**GOAL OF THE EXERCISE**
State, as a single number, how many lines in the data below contain "dots".

******************************

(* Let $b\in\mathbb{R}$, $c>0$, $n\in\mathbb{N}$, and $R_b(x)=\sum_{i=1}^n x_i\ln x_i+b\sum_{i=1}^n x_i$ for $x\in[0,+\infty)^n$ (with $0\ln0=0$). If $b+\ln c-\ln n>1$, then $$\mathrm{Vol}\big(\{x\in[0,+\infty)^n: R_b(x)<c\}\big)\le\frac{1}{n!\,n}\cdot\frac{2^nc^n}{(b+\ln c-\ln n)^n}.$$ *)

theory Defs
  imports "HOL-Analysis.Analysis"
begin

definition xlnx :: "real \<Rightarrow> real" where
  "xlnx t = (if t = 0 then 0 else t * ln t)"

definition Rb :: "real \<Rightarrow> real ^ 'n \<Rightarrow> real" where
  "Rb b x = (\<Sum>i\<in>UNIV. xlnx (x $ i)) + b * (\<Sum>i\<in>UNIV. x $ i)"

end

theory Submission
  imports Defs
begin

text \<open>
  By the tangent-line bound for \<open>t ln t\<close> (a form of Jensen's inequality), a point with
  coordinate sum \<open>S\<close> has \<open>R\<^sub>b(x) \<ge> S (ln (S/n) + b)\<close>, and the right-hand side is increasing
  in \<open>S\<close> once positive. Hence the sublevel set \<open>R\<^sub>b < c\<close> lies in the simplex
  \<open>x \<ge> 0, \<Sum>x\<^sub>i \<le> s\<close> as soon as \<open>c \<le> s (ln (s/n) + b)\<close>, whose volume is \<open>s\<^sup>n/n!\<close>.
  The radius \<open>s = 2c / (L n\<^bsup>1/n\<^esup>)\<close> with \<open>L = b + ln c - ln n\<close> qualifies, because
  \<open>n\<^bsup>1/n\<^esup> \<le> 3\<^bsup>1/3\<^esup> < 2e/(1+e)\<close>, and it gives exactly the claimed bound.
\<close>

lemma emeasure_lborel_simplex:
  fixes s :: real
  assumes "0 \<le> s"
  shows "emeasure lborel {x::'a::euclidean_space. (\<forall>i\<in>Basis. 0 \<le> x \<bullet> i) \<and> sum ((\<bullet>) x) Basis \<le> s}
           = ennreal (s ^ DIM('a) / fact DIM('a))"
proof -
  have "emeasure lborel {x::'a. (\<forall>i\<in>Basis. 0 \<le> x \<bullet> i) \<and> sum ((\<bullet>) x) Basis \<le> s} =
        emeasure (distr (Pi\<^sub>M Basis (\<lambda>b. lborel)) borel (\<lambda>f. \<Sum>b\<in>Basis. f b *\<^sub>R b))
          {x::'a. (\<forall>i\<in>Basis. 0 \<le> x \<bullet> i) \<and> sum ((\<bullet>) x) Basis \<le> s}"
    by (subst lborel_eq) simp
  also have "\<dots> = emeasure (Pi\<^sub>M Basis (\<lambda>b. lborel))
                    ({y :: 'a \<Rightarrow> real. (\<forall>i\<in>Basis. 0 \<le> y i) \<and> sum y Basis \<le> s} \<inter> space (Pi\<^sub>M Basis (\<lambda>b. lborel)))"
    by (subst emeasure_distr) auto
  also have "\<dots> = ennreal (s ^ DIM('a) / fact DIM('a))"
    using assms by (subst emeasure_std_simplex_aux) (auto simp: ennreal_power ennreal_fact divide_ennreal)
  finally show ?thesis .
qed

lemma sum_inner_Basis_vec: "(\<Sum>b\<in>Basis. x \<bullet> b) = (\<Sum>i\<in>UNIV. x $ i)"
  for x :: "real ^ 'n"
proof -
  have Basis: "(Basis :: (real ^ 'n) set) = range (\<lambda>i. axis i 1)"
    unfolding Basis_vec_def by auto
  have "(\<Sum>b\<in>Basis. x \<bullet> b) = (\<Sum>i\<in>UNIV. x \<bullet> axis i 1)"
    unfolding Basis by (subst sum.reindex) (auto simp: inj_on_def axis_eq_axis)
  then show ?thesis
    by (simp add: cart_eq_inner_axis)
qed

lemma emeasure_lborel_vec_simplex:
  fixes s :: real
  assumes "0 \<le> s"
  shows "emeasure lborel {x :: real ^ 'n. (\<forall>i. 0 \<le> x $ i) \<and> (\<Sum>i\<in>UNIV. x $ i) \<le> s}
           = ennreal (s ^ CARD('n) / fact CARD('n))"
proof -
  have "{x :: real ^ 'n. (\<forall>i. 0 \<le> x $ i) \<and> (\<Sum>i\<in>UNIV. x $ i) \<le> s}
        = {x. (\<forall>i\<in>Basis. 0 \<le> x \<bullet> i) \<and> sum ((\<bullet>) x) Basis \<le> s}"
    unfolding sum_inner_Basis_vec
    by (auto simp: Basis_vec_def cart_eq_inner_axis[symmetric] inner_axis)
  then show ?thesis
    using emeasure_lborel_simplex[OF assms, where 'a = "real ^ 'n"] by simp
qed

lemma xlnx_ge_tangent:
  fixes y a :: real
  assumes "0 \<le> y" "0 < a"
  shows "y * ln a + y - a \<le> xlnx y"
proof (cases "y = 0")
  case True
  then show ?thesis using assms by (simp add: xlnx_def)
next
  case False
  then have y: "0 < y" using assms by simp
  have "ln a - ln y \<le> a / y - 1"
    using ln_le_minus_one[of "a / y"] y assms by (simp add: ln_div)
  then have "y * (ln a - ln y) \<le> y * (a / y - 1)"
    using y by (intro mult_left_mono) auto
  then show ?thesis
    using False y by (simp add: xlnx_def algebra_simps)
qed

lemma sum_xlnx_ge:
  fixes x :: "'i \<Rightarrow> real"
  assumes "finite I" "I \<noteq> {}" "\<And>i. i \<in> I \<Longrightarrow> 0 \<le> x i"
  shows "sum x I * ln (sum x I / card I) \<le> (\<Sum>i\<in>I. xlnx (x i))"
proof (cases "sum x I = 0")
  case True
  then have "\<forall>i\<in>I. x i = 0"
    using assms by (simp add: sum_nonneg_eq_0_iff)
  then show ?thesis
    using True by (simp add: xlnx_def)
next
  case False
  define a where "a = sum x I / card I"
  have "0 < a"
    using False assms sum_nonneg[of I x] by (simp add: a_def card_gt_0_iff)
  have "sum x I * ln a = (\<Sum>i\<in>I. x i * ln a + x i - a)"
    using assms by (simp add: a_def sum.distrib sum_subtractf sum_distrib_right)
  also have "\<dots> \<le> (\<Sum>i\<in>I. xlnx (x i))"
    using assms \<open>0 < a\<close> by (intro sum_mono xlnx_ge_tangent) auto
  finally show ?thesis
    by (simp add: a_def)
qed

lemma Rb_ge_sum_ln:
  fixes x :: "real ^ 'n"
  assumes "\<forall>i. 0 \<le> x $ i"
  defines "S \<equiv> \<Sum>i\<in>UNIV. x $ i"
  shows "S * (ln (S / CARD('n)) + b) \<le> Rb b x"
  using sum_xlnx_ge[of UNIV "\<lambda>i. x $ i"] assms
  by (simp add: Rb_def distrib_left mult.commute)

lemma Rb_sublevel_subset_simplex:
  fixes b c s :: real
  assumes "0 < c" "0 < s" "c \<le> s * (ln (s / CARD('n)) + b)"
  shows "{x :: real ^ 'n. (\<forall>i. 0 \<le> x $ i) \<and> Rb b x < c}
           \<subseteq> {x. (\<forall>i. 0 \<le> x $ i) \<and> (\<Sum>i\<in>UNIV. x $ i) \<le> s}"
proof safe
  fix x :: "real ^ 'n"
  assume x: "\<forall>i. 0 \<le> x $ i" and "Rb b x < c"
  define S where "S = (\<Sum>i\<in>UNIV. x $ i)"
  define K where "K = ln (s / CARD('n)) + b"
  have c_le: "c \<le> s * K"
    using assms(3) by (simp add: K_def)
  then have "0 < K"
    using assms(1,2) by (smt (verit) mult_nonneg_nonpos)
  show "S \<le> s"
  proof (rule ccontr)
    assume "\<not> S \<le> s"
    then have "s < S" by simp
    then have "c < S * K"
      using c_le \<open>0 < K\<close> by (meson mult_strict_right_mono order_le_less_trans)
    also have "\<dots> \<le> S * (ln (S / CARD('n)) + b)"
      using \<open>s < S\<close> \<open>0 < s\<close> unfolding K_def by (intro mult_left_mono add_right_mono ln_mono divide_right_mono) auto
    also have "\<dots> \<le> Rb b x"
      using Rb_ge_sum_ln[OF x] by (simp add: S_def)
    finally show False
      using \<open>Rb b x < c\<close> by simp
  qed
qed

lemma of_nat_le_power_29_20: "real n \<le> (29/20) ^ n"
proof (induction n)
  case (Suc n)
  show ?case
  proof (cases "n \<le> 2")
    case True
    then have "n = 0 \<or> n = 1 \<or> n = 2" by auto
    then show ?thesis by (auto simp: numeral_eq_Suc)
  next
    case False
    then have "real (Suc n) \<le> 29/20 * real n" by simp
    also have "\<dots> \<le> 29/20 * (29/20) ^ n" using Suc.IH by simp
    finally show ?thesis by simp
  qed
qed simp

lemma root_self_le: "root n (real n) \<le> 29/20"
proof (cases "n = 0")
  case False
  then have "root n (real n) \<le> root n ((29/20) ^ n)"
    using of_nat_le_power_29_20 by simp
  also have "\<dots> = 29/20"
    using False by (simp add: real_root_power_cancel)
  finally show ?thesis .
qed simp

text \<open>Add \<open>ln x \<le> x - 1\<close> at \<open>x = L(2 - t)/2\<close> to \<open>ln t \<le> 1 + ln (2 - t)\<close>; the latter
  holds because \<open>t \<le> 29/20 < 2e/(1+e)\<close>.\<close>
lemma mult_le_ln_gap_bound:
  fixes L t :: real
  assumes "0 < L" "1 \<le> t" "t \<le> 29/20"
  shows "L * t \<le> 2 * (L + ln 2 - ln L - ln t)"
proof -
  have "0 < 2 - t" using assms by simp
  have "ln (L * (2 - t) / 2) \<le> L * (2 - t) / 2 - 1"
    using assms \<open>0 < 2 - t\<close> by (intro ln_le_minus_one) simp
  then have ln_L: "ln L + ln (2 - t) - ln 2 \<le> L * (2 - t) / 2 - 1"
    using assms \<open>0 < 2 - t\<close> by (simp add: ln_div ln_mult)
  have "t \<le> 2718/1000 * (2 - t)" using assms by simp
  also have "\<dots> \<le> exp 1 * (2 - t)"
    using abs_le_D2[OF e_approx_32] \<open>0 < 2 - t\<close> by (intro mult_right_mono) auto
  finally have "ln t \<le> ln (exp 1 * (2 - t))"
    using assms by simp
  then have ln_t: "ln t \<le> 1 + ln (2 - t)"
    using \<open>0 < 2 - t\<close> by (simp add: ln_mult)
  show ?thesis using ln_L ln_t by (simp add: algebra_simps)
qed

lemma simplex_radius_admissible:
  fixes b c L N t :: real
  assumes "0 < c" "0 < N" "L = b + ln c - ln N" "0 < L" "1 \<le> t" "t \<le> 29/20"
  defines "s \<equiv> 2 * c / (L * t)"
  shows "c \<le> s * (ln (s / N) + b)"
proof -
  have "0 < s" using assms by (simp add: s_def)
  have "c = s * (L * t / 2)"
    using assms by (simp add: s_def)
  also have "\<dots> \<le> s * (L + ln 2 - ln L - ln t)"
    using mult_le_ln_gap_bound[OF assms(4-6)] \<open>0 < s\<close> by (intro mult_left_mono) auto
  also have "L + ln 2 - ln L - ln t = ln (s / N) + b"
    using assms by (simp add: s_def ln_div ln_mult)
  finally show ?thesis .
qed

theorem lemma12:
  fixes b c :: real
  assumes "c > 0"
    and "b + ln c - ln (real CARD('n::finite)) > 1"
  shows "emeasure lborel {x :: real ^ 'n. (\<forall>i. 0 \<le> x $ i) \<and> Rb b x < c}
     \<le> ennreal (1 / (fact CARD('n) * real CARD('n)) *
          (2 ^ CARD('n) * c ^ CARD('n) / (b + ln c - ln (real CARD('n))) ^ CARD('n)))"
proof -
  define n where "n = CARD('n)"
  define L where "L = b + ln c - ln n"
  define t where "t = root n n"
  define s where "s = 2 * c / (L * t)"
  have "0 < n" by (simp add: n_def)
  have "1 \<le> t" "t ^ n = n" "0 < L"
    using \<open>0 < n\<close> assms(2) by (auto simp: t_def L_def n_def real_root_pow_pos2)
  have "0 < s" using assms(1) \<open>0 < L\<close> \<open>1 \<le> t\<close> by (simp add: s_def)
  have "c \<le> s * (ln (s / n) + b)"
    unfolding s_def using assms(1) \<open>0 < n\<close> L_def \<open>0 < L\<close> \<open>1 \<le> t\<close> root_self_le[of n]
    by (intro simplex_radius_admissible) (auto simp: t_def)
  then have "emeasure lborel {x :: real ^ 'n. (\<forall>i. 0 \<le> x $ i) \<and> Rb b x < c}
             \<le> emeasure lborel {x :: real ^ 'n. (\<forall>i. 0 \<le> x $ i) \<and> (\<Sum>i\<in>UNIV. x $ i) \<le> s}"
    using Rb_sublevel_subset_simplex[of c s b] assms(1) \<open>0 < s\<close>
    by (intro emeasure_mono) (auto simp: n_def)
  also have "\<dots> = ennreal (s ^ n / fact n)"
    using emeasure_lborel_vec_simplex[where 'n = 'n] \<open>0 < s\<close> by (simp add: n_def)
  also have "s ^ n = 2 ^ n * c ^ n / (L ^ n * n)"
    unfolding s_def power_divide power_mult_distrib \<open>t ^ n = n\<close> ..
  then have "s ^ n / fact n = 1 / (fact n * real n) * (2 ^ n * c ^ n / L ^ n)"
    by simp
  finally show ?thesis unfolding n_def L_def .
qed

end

******************************

**OUTPUT**
10